Apple-Obsessed Author Fella

Fuck Your Pre-Rejection, Penmonkey

Title says it all.

Fuck your pre-rejection.

Don’t know what I’m talking about? See if you’ve ever done this:

You wrote something. Maybe you edited it. Maybe you didn’t. Maybe you didn’t even finish it. Then, you concoct a series of reasons inside your head why nobody will give a hot wet fuck about it. Nobody will wanna read it. Nobody will wanna buy it. You’ve got your reasons — maybe one reason, maybe a whole catalog full of them. And frankly? They all sound good. This isn’t the one, you tell yourself. It’s not yet right. And soon it becomes smart because, hey, you don’t want that thing you wrote out there. This is a sound business decision. This is a practical creative decision. Not everything you write is going to be aces. And so you open a drawer and you chuck this manuscript into it. It lands on top of five, ten, twenty others. A cloud of dust kicks up like an allergenic mushroom cloud — poof. And then you close the drawer.

That is pre-rejection.

You have killed the thing you created because you imagine its inevitable rejection.

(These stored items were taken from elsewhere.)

definition Jz :: "real \<Rightarrow> (real \<Rightarrow> real^3) \<Rightarrow> real \<Rightarrow> real" where
  "Jz T n t =
     (let nd = iderv 0 T 1 n; Dn = covD T n nd in
      vector_derivative Dn (at t within {0..T}) \<bullet> Xkill (n t)
      - Dn t \<bullet> covD T n (\<lambda>s. Xkill (n s)) t)"

end

theory Submission
  imports Defs
begin

(* Along the curve, the covariant derivative of a tangent field W is W' + <W, n'> n (ambient
   derivative W'). Hence A = D_t n' = n'' + |n'|^2 n, and since A and X are tangent,
   J_z = <A', X> - <A, X'> with X' = e_z x n', so that J_z' = <A'', X> - <A, e_z x n''>.
   Pairing the equation with X kills grad V, which is orthogonal to X because V is invariant under
   rotations about e_z; expanding D_t(D_t A) and the curvature term then leaves
   <A'', X> = -|n'|^2 <A, X>. On the other hand <A, e_z x n''> = |n'|^2 <n, e_z x n''>
   = -|n'|^2 <n'', X> = -|n'|^2 <A, X>, so J_z' = 0. *)

lemma has_vector_derivative_inner:
  fixes f g :: "real \<Rightarrow> 'a::real_inner"
  assumes "(f has_vector_derivative f') (at x within s)" and "(g has_vector_derivative g') (at x within s)"
  shows "((\<lambda>x. f x \<bullet> g x) has_vector_derivative f' \<bullet> g x + f x \<bullet> g') (at x within s)"
  using bounded_bilinear.has_vector_derivative[OF bounded_bilinear_inner assms] by (simp add: add.commute)

lemma has_vector_derivative_scaleR_vector:
  fixes g :: "real \<Rightarrow> 'a::real_normed_vector"
  assumes "(f has_vector_derivative f') (at x within s)" and "(g has_vector_derivative g') (at x within s)"
  shows "((\<lambda>x. f x *\<^sub>R g x) has_vector_derivative f' *\<^sub>R g x + f x *\<^sub>R g') (at x within s)"
  using bounded_bilinear.has_vector_derivative[OF bounded_bilinear_scaleR assms] by (simp add: add.commute)

lemma has_vector_derivative_cross3_right:
  assumes "(g has_vector_derivative g') F"
  shows "((\<lambda>x. cross3 c (g x)) has_vector_derivative cross3 c g') F"
proof -
  have "bounded_linear (cross3 c)"
    using bilinear_cross by (simp add: bilinear_def linear_conv_bounded_linear)
  then show ?thesis
    using assms by (rule bounded_linear.has_vector_derivative)
qed

lemma has_vector_derivative_eq_0_if_constant_on:
  assumes "a < b" and "t \<in> {a..b}" and "(f has_vector_derivative f') (at t within {a..b})"
    and "\<And>s. s \<in> {a..b} \<Longrightarrow> f s = c"
  shows "f' = 0"
proof -
  have "(f has_vector_derivative 0) (at t within {a..b})"
    using assms(2,4) by (rule has_vector_derivative_transform[where f = "\<lambda>_. c"]) auto
  with assms(1-3) show ?thesis
    using vector_derivative_unique_within_closed_interval[of a b t f f' 0] by simp
qed

lemma inner_tproj_left: "v \<bullet> n = 0 \<Longrightarrow> tproj n w \<bullet> v = w \<bullet> v"
  by (simp add: tproj_def inner_diff_left inner_commute[of n v])

lemma tproj_inner_self: "norm n = 1 \<Longrightarrow> tproj n w \<bullet> n = 0"
  by (simp add: tproj_def inner_diff_left dot_square_norm)

lemma Xkill_inner_self: "Xkill n \<bullet> n = 0" "n \<bullet> Xkill n = 0"
  by (simp_all add: Xkill_def dot_cross_self)

lemma inner_cross3_swap: "a \<bullet> cross3 c b = - (b \<bullet> cross3 c a)"
  by (simp add: cross3_simps)

lemma gradV_inner_Xkill: "gradV Vt n \<bullet> Xkill n = 0"
  by (simp add: gradV_def Xkill_def inner_tproj_left dot_cross_self)

locale sphere_curve =
  fixes T :: real and n :: "real \<Rightarrow> real^3"
  assumes T_pos: "0 < T"
    and smooth: "smooth_on_interval 0 T n"
    and unit: "\<And>t. t \<in> {0..T} \<Longrightarrow> norm (n t) = 1"
begin

(* keeps der 1 from being rewritten to der (Suc 0), which would no longer match Jz and the equation *)
declare One_nat_def [simp del]

abbreviation der :: "nat \<Rightarrow> real \<Rightarrow> real^3" where
  "der k \<equiv> iderv 0 T k n"

lemma has_vector_derivative_der:
  "t \<in> {0..T} \<Longrightarrow> (der k has_vector_derivative der (Suc k) t) (at t within {0..T})"
  using smooth unfolding smooth_on_interval_def by blast

lemma has_vector_derivative_der_numeral:
  assumes "t \<in> {0..T}"
  shows "(n has_vector_derivative der 1 t) (at t within {0..T})"
    and "(der 1 has_vector_derivative der 2 t) (at t within {0..T})"
    and "(der 2 has_vector_derivative der 3 t) (at t within {0..T})"
  by (metis has_vector_derivative_der[OF assms] iderv.simps(1) One_nat_def Suc_1 numeral_3_eq_3)+

lemmas vector_derivative_eq = vector_derivative_within_closed_interval[OF T_pos]

definition tangent_field :: "(real \<Rightarrow> real^3) \<Rightarrow> bool" where
  "tangent_field W \<longleftrightarrow> (\<forall>t\<in>{0..T}. W t \<bullet> n t = 0)"

lemma tangent_field_covD: "tangent_field (covD T n W)"
  by (simp add: tangent_field_def covD_def tproj_inner_self unit)

lemma tangent_field_velocity: "tangent_field (der 1)"
  unfolding tangent_field_def
proof
  fix t assume t: "t \<in> {0..T}"
  have "((\<lambda>s. n s \<bullet> n s) has_vector_derivative der 1 t \<bullet> n t + n t \<bullet> der 1 t) (at t within {0..T})"
    using has_vector_derivative_der_numeral(1)[OF t] by (intro has_vector_derivative_inner)
  then have "der 1 t \<bullet> n t + n t \<bullet> der 1 t = 0"
    by (rule has_vector_derivative_eq_0_if_constant_on[OF T_pos t]) (simp add: unit dot_square_norm)
  then show "der 1 t \<bullet> n t = 0"
    by (simp add: inner_commute)
qed

lemma covD_inner_tangent:
  assumes "t \<in> {0..T}" and "(W has_vector_derivative W') (at t within {0..T})" and "v \<bullet> n t = 0"
  shows "covD T n W t \<bullet> v = W' \<bullet> v"
  using assms by (simp add: covD_def vector_derivative_eq inner_tproj_left)

lemma covD_tangent_field:
  assumes "tangent_field W" and t: "t \<in> {0..T}"
    and W': "(W has_vector_derivative W') (at t within {0..T})"
  shows "covD T n W t = W' + (W t \<bullet> der 1 t) *\<^sub>R n t"
proof -
  have "((\<lambda>s. W s \<bullet> n s) has_vector_derivative W' \<bullet> n t + W t \<bullet> der 1 t) (at t within {0..T})"
    using W' has_vector_derivative_der_numeral(1)[OF t] by (rule has_vector_derivative_inner)
  then have "W' \<bullet> n t + W t \<bullet> der 1 t = 0"
    by (rule has_vector_derivative_eq_0_if_constant_on[OF T_pos t])
      (use \<open>tangent_field W\<close> in \<open>simp add: tangent_field_def\<close>)
  then have "W' \<bullet> n t = - (W t \<bullet> der 1 t)"
    by linarith
  then show ?thesis
    using t W' by (simp add: covD_def vector_derivative_eq tproj_def)
qed

lemma has_vector_derivative_Xkill:
  "t \<in> {0..T} \<Longrightarrow> ((\<lambda>s. Xkill (n s)) has_vector_derivative cross3 ez (der 1 t)) (at t within {0..T})"
  unfolding Xkill_def by (intro has_vector_derivative_cross3_right has_vector_derivative_der_numeral)

definition acc :: "real \<Rightarrow> real^3" where
  "acc t = der 2 t + (der 1 t \<bullet> der 1 t) *\<^sub>R n t"

definition acc' :: "real \<Rightarrow> real^3" where
  "acc' t = der 3 t + (2 * (der 1 t \<bullet> der 2 t)) *\<^sub>R n t + (der 1 t \<bullet> der 1 t) *\<^sub>R der 1 t"

(* only the X-component of acc'' matters, and the equation determines it *)
definition acc'' :: "real \<Rightarrow> real^3" where
  "acc'' t = vector_derivative acc' (at t within {0..T})"

definition jerk :: "real \<Rightarrow> real^3" where
  "jerk t = acc' t + (acc t \<bullet> der 1 t) *\<^sub>R n t"

lemma covD_velocity: "t \<in> {0..T} \<Longrightarrow> covD T n (der 1) t = acc t"
  using covD_tangent_field[OF tangent_field_velocity _ has_vector_derivative_der_numeral(2)]
  by (simp add: acc_def)

lemma acc_inner_self: "t \<in> {0..T} \<Longrightarrow> acc t \<bullet> n t = 0"
  by (metis covD_velocity tangent_field_covD tangent_field_def)

lemma has_vector_derivative_acc:
  assumes t: "t \<in> {0..T}"
  shows "(acc has_vector_derivative acc' t) (at t within {0..T})"
proof -
  have "((\<lambda>s. der 2 s + (der 1 s \<bullet> der 1 s) *\<^sub>R n s) has_vector_derivative
      der 3 t + ((der 2 t \<bullet> der 1 t + der 1 t \<bullet> der 2 t) *\<^sub>R n t + (der 1 t \<bullet> der 1 t) *\<^sub>R der 1 t))
      (at t within {0..T})"
    by (intro has_vector_derivative_add has_vector_derivative_scaleR_vector
        has_vector_derivative_inner has_vector_derivative_der_numeral[OF t])
  moreover have "der 3 t + ((der 2 t \<bullet> der 1 t + der 1 t \<bullet> der 2 t) *\<^sub>R n t
      + (der 1 t \<bullet> der 1 t) *\<^sub>R der 1 t) = acc' t"
    by (simp add: acc'_def inner_commute algebra_simps)
  ultimately show ?thesis
    unfolding acc_def[abs_def] by (rule has_vector_derivative_eq_rhs)
qed

lemma has_vector_derivative_covD_velocity:
  "t \<in> {0..T} \<Longrightarrow> (covD T n (der 1) has_vector_derivative acc' t) (at t within {0..T})"
  by (rule has_vector_derivative_transform[OF _ covD_velocity has_vector_derivative_acc])

lemma has_vector_derivative_acc':
  assumes t: "t \<in> {0..T}"
  shows "(acc' has_vector_derivative acc'' t) (at t within {0..T})"
proof -
  have "der k differentiable (at t within {0..T})" for k
    using has_vector_derivative_der[OF t] by (rule differentiableI_vector)
  moreover have "n differentiable (at t within {0..T})"
    using has_vector_derivative_der_numeral(1)[OF t] by (rule differentiableI_vector)
  ultimately have "acc' differentiable (at t within {0..T})"
    unfolding acc'_def[abs_def] by simp
  then show ?thesis
    unfolding acc''_def by (simp add: vector_derivative_works[symmetric])
qed

lemma covD_acc: "t \<in> {0..T} \<Longrightarrow> covD T n (covD T n (der 1)) t = jerk t"
  using covD_tangent_field[OF tangent_field_covD _ has_vector_derivative_covD_velocity]
  by (simp add: covD_velocity jerk_def)

lemma has_vector_derivative_jerk:
  assumes t: "t \<in> {0..T}"
  shows "(jerk has_vector_derivative
    acc'' t + ((acc' t \<bullet> der 1 t + acc t \<bullet> der 2 t) *\<^sub>R n t + (acc t \<bullet> der 1 t) *\<^sub>R der 1 t))
    (at t within {0..T})"
  unfolding jerk_def[abs_def]
  by (intro has_vector_derivative_add has_vector_derivative_scaleR_vector has_vector_derivative_inner
      has_vector_derivative_acc has_vector_derivative_acc' has_vector_derivative_der_numeral t)

lemma covD_jerk_inner_Xkill:
  assumes t: "t \<in> {0..T}"
  shows "covD T n (covD T n (covD T n (der 1))) t \<bullet> Xkill (n t)
    = acc'' t \<bullet> Xkill (n t) + (acc t \<bullet> der 1 t) * (der 1 t \<bullet> Xkill (n t))"
proof -
  have "(covD T n (covD T n (der 1)) has_vector_derivative
    acc'' t + ((acc' t \<bullet> der 1 t + acc t \<bullet> der 2 t) *\<^sub>R n t + (acc t \<bullet> der 1 t) *\<^sub>R der 1 t))
    (at t within {0..T})"
    using t covD_acc has_vector_derivative_jerk[OF t] by (rule has_vector_derivative_transform)
  from covD_inner_tangent[OF t this Xkill_inner_self(1)] show ?thesis
    by (simp add: inner_add_left Xkill_inner_self)
qed

lemma acc''_inner_Xkill:
  assumes t: "t \<in> {0..T}"
    and eq: "covD T n (covD T n (covD T n (der 1))) t
      + Rcurv (covD T n (der 1) t) (der 1 t) (der 1 t) + gradV Vt (n t) = 0"
  shows "acc'' t \<bullet> Xkill (n t) = - (der 1 t \<bullet> der 1 t) * (acc t \<bullet> Xkill (n t))"
proof -
  from eq have "(covD T n (covD T n (covD T n (der 1))) t
      + Rcurv (acc t) (der 1 t) (der 1 t) + gradV Vt (n t)) \<bullet> Xkill (n t) = 0"
    by (simp only: covD_velocity[OF t] inner_zero_left)
  then have "covD T n (covD T n (covD T n (der 1))) t \<bullet> Xkill (n t)
      + Rcurv (acc t) (der 1 t) (der 1 t) \<bullet> Xkill (n t) + gradV Vt (n t) \<bullet> Xkill (n t) = 0"
    by (simp only: inner_add_left)
  moreover have "Rcurv (acc t) (der 1 t) (der 1 t) \<bullet> Xkill (n t)
      = (der 1 t \<bullet> der 1 t) * (acc t \<bullet> Xkill (n t)) - (acc t \<bullet> der 1 t) * (der 1 t \<bullet> Xkill (n t))"
    by (simp add: Rcurv_def inner_diff_left)
  ultimately show ?thesis
    using covD_jerk_inner_Xkill[OF t] gradV_inner_Xkill[of Vt "n t"] by linarith
qed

It’s the same way you don’t ask that guy out because you already know how he’ll say no, and it’ll be embarrassing, and jeez even if you did date, he’d probably be a jerk, and even if he wasn’t a jerk, the marriage you’d eventually have would suck, and the kids would be shitheads, and it’d end in divorce and misery and death.

Don’t take that job — you’ll only get fired.

Don’t move to a new house — probably be haunted.

Don’t step outside — ha ha ha, you’ll probably just fucking die. (And so many ways to die! Flu ebola measles stabbing shooting planking rabid bears assassin bugs arsenic in the water shanked by a free range Gary Busey, and so on, and so forth.)

The glass isn’t half-empty or half-full — it’s just full of scalding hot cat urine! YUM.

Except, yeah, no.

Pre-rejection is bullshit.

It’s a control thing, a power trip, a grotesquely pessimistic fantasy. I know, you’re saying, uhh, it’s not a fantasy, weirdo — except, au contraire, panda bear, it is a fantasy. It’s much easier to reject ourselves than it is to weather the crotch-kicks delivered by someone else. You could far easier slide a knife across your open palm than let someone else do it — it’s so much better when we control the pain that’s sure to come. It’s comforting, easy, lazy even to just get that rejection out of the way now rather than later.

Fuck that static.

The pain isn’t sure to come.

Maybe it will, maybe it won’t.

But if you’re going to do this thing, you need to get hard to it. You need to be not just ready for rejection — you need to be willing to embrace rejection. Not your own — but proper rejection. Rejection you don’t control. You need those calluses and scars. Rejection is always a part of who we are and what we do, and that’s not just in writing. That’s in life. What, you think you’ll get every job? Every date? Every bit of approval from every corner of your life? Life isn’t just a series of hand-jobs and clit-tickles, folks. You will be rejected. It is part of what we do. It is proof that you are doing what you love. It is evidence of the fight you contain within you.

You must defeat the urge to pre-reject.

I’m not saying everything you write is going to be perfect. Far from it. But rejection is clarifying. And it feels awful at first — until it feels awesome. Awesome because this is what successful people go through. Writers who get published are writers who have collected ten rejections (or more, many more) for every one acceptance. Cherish your rejections. Hell, collect ’em. Staple-gun them to your chest like merit badges for a particularly psychopathic branch of the Scouts. Certainly this also doesn’t mean you should send out any old piece of laundry you have hanging around in the hopes some drunken editor will buy it accidentally. But the signs of pre-rejection don’t linger at just one story left unsent. It’s when those start to pile up. It’s when you go beyond feeling that this one isn’t right and start crafting a morbid, macabre fantasy about all the terrible things that’ll happen when you send this manuscript and all the others out.

How do you defeat it?

Practice, for one. Stop thinking so much. Stop worrying. Start submitting. Editors need material. Agents need material. Readers need stories to read.

Let other people read the work. Let them send it out, if you must.

Don’t worry about the things you can’t control. Control what you can — and no, that doesn’t mean to pre-reject, it just means, write the best story, and find your feet with writing.

You didn’t get published, you didn’t win the award, you got a bad review.

Repeat after me:

That’s all right. I can try againI can get better.

But you have to give yourself the chance to try again.

You don’t get better by just chucking manuscripts in a drawer.

You need the agitation.

You need that fear, that uncertainty, that courage.

You need input from other human beings. Which means:

Fuck your pre-rejection.

You want to get rejected? Do it the old-fashioned way.

Let someone else reject you. Take your shot. Worst you can do is fail. And failure fucking rocks.

Sure, maybe you’ll get rejected. But maybe, just maybe, the opposite will happen.

How else do stories reach their audiences, you think?